Recorded information:
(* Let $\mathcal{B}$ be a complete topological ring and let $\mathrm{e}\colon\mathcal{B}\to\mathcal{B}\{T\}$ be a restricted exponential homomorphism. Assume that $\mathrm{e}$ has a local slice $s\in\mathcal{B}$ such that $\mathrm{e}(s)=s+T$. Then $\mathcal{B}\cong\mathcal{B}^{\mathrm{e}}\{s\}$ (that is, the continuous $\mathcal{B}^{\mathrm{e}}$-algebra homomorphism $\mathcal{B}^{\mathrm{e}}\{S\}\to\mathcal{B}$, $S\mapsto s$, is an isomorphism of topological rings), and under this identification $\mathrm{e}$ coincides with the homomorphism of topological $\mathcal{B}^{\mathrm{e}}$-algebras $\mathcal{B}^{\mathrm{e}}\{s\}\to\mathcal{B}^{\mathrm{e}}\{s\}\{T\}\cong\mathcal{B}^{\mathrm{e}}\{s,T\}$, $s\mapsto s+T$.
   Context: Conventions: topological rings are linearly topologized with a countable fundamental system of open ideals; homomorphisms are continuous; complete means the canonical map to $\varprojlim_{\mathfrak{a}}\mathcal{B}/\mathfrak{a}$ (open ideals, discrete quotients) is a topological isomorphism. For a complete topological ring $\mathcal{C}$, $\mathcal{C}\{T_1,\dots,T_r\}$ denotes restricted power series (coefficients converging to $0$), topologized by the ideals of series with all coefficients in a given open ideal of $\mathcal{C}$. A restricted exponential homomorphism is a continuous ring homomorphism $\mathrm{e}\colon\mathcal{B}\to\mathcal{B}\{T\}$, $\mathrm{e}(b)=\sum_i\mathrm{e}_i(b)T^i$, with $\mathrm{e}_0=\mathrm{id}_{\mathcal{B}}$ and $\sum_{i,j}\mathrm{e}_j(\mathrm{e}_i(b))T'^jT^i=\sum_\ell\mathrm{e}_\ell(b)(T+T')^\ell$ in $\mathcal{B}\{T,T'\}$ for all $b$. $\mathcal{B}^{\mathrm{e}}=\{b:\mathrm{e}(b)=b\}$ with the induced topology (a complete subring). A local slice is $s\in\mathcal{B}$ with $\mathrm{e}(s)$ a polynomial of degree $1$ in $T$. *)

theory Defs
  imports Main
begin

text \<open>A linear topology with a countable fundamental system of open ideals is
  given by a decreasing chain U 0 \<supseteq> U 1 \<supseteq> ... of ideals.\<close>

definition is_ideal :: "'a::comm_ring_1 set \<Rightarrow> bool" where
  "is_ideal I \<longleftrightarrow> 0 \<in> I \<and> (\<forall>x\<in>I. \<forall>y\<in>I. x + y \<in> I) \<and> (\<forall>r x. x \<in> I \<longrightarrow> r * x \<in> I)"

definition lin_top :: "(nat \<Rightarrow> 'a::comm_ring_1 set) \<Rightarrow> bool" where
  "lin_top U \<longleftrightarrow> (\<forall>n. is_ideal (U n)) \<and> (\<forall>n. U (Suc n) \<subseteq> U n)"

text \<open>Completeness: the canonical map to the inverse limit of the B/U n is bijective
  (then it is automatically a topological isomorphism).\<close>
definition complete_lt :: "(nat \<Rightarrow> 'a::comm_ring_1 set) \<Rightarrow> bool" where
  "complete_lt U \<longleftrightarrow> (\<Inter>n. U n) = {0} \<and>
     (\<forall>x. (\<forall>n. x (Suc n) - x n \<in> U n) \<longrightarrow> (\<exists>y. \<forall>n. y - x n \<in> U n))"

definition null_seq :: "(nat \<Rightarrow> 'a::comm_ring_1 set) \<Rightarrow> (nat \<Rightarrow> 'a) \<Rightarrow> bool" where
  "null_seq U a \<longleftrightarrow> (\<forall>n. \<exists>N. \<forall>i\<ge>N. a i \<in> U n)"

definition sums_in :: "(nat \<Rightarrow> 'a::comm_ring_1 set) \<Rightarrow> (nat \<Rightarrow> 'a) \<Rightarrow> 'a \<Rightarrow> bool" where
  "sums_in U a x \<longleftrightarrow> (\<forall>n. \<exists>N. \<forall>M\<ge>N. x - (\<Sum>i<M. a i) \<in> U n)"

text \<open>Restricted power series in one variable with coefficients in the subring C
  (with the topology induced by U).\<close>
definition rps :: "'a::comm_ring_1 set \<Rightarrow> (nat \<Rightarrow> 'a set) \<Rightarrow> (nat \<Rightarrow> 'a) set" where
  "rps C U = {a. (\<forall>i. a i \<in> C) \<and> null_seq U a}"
...
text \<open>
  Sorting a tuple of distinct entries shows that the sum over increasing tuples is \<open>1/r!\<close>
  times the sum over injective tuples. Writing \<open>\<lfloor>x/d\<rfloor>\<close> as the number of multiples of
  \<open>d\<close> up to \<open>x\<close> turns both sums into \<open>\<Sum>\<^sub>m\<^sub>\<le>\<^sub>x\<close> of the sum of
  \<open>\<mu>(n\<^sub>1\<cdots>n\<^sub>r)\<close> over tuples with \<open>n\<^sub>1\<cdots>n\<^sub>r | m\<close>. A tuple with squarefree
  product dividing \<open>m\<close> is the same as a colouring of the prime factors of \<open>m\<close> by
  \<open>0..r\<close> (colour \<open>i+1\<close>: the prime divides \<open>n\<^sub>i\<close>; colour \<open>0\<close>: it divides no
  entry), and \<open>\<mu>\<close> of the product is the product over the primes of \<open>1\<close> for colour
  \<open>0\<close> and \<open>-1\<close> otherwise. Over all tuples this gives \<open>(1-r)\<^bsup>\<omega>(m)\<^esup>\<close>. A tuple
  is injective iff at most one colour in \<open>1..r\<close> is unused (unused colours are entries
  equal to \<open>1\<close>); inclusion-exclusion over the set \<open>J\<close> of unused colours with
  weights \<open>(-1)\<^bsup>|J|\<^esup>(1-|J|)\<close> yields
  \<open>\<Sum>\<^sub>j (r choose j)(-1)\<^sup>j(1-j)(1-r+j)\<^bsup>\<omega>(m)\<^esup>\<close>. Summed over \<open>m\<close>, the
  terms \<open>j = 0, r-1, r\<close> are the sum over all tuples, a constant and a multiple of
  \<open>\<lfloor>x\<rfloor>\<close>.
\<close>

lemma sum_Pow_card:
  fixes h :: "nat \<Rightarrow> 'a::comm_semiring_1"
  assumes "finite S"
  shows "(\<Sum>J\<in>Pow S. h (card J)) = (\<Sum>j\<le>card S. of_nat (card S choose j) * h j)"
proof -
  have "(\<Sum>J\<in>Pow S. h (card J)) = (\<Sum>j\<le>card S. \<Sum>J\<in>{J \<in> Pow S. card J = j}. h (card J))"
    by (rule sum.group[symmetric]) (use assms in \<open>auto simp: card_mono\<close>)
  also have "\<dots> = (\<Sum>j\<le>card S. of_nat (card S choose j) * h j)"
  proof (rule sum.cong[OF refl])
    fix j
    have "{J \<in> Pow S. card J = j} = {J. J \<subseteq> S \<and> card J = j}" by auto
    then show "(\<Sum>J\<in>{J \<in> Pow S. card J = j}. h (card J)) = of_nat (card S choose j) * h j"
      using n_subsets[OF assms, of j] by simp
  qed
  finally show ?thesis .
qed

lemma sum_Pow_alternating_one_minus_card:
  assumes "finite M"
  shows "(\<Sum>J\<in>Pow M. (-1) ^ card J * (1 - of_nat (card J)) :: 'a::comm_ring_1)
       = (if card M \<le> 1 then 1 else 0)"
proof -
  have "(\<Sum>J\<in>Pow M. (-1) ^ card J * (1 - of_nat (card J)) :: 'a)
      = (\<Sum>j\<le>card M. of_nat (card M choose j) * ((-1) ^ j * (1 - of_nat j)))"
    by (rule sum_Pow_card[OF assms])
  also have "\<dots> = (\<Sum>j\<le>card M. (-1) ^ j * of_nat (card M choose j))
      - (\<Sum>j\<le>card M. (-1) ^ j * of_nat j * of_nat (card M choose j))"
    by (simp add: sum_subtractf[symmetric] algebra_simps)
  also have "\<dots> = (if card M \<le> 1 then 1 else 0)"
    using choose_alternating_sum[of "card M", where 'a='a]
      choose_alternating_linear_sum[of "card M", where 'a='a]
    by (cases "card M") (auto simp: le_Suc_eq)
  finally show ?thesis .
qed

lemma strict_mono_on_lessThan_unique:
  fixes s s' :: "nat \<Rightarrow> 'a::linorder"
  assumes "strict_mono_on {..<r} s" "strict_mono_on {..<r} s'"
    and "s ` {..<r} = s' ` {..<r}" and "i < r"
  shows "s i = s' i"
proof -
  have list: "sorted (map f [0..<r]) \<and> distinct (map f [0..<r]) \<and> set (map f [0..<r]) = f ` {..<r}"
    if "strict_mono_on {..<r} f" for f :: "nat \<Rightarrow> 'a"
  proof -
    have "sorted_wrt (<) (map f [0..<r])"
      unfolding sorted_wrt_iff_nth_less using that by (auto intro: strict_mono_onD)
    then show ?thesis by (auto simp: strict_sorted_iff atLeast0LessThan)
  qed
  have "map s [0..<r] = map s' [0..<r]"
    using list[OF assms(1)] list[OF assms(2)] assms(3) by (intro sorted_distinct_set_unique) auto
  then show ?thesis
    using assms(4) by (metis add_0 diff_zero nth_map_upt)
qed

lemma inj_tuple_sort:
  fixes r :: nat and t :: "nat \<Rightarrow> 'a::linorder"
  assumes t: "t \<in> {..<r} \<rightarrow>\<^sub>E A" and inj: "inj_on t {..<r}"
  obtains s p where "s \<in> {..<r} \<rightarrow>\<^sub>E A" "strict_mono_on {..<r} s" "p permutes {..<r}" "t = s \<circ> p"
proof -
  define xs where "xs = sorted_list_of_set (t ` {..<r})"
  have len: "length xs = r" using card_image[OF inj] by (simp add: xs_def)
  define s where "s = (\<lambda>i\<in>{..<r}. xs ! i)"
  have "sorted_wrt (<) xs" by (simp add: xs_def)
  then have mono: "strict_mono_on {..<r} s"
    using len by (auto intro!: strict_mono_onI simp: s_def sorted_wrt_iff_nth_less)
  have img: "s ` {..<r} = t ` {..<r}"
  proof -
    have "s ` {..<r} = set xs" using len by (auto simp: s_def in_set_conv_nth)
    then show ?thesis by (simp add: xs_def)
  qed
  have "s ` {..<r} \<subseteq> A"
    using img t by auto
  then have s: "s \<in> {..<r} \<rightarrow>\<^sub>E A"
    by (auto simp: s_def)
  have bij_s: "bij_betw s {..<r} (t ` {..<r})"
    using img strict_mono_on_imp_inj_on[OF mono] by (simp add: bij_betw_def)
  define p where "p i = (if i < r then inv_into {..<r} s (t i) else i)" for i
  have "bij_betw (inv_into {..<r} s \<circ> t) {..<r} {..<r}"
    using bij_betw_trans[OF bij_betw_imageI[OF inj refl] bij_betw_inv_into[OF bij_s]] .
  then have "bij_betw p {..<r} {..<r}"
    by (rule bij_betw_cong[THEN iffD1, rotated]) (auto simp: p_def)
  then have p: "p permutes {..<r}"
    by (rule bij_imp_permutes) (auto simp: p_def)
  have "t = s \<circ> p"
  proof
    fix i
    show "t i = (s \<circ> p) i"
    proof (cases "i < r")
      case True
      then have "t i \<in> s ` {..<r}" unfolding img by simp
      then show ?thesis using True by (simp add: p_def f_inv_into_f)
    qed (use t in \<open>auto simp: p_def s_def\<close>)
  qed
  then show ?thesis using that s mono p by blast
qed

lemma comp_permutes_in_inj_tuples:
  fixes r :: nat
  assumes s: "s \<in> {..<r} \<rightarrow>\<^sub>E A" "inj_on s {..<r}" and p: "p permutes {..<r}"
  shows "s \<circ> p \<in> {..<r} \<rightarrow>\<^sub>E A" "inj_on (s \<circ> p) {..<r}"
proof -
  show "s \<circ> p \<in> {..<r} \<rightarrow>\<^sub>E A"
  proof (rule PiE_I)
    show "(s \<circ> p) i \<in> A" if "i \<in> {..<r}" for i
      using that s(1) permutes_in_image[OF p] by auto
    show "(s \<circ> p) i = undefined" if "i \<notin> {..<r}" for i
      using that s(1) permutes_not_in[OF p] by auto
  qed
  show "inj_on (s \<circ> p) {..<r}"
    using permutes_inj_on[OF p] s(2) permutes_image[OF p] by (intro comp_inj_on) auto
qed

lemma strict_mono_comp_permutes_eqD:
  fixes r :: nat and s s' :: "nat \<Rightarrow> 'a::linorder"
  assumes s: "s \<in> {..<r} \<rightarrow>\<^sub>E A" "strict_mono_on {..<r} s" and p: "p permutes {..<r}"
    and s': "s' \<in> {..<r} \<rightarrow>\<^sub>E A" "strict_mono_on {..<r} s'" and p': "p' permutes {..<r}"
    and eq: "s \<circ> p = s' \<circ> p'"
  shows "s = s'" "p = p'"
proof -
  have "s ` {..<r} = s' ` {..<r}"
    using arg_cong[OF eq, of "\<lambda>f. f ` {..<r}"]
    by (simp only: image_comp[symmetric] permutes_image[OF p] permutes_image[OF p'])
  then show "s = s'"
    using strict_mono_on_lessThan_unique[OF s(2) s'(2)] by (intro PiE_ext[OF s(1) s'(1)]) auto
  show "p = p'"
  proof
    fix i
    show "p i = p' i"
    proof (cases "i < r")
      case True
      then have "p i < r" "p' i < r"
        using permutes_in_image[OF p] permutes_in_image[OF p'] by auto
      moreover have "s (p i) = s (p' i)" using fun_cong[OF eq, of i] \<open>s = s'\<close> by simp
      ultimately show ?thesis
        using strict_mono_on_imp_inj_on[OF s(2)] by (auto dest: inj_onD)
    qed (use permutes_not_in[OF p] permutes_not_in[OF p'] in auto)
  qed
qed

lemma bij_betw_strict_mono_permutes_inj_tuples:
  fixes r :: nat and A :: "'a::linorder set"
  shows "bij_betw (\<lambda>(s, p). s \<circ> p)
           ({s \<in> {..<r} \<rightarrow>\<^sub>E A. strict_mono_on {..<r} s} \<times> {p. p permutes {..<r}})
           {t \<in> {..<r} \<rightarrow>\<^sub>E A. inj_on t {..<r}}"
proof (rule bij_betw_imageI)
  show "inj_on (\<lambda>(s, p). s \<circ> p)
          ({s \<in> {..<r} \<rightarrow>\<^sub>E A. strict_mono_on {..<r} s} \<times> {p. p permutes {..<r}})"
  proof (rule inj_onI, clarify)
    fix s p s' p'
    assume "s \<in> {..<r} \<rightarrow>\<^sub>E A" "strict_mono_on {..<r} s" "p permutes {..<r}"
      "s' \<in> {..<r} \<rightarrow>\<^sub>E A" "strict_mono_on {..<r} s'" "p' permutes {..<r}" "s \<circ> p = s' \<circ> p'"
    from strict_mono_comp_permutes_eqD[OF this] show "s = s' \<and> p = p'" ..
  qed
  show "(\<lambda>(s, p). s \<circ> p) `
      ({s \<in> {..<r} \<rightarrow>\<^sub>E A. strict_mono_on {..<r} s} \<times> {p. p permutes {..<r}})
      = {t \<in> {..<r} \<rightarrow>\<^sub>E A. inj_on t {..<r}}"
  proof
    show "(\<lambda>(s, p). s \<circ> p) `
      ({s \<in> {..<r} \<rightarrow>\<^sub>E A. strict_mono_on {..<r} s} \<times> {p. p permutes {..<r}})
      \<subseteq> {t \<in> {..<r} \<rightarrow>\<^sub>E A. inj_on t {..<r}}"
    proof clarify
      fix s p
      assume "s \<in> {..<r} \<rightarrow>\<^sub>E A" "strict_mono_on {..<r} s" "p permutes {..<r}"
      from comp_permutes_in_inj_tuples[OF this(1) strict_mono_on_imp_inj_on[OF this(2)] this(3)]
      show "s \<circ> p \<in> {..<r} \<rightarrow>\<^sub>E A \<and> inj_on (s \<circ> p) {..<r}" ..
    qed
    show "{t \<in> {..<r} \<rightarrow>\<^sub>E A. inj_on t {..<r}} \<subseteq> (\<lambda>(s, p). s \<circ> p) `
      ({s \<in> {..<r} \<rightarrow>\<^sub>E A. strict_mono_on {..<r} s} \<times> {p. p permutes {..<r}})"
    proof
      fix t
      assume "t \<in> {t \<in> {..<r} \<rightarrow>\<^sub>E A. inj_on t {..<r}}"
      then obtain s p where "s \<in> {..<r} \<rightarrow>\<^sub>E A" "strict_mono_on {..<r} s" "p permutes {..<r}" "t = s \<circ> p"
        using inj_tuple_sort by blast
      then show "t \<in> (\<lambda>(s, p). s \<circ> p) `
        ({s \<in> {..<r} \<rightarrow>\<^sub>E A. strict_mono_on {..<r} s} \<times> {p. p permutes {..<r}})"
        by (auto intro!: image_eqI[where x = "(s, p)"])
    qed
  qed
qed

About this task: Copy the entries above exactly, but only from the line holding "proof (rule inj_onI, clarify)" through the line holding "proof clarify", both included.

Output for this exercise:
  proof (rule inj_onI, clarify)
    fix s p s' p'
    assume "s \<in> {..<r} \<rightarrow>\<^sub>E A" "strict_mono_on {..<r} s" "p permutes {..<r}"
      "s' \<in> {..<r} \<rightarrow>\<^sub>E A" "strict_mono_on {..<r} s'" "p' permutes {..<r}" "s \<circ> p = s' \<circ> p'"
    from strict_mono_comp_permutes_eqD[OF this] show "s = s' \<and> p = p'" ..
  qed
  show "(\<lambda>(s, p). s \<circ> p) `
      ({s \<in> {..<r} \<rightarrow>\<^sub>E A. strict_mono_on {..<r} s} \<times> {p. p permutes {..<r}})
      = {t \<in> {..<r} \<rightarrow>\<^sub>E A. inj_on t {..<r}}"
  proof
    show "(\<lambda>(s, p). s \<circ> p) `
      ({s \<in> {..<r} \<rightarrow>\<^sub>E A. strict_mono_on {..<r} s} \<times> {p. p permutes {..<r}})
      \<subseteq> {t \<in> {..<r} \<rightarrow>\<^sub>E A. inj_on t {..<r}}"
    proof clarify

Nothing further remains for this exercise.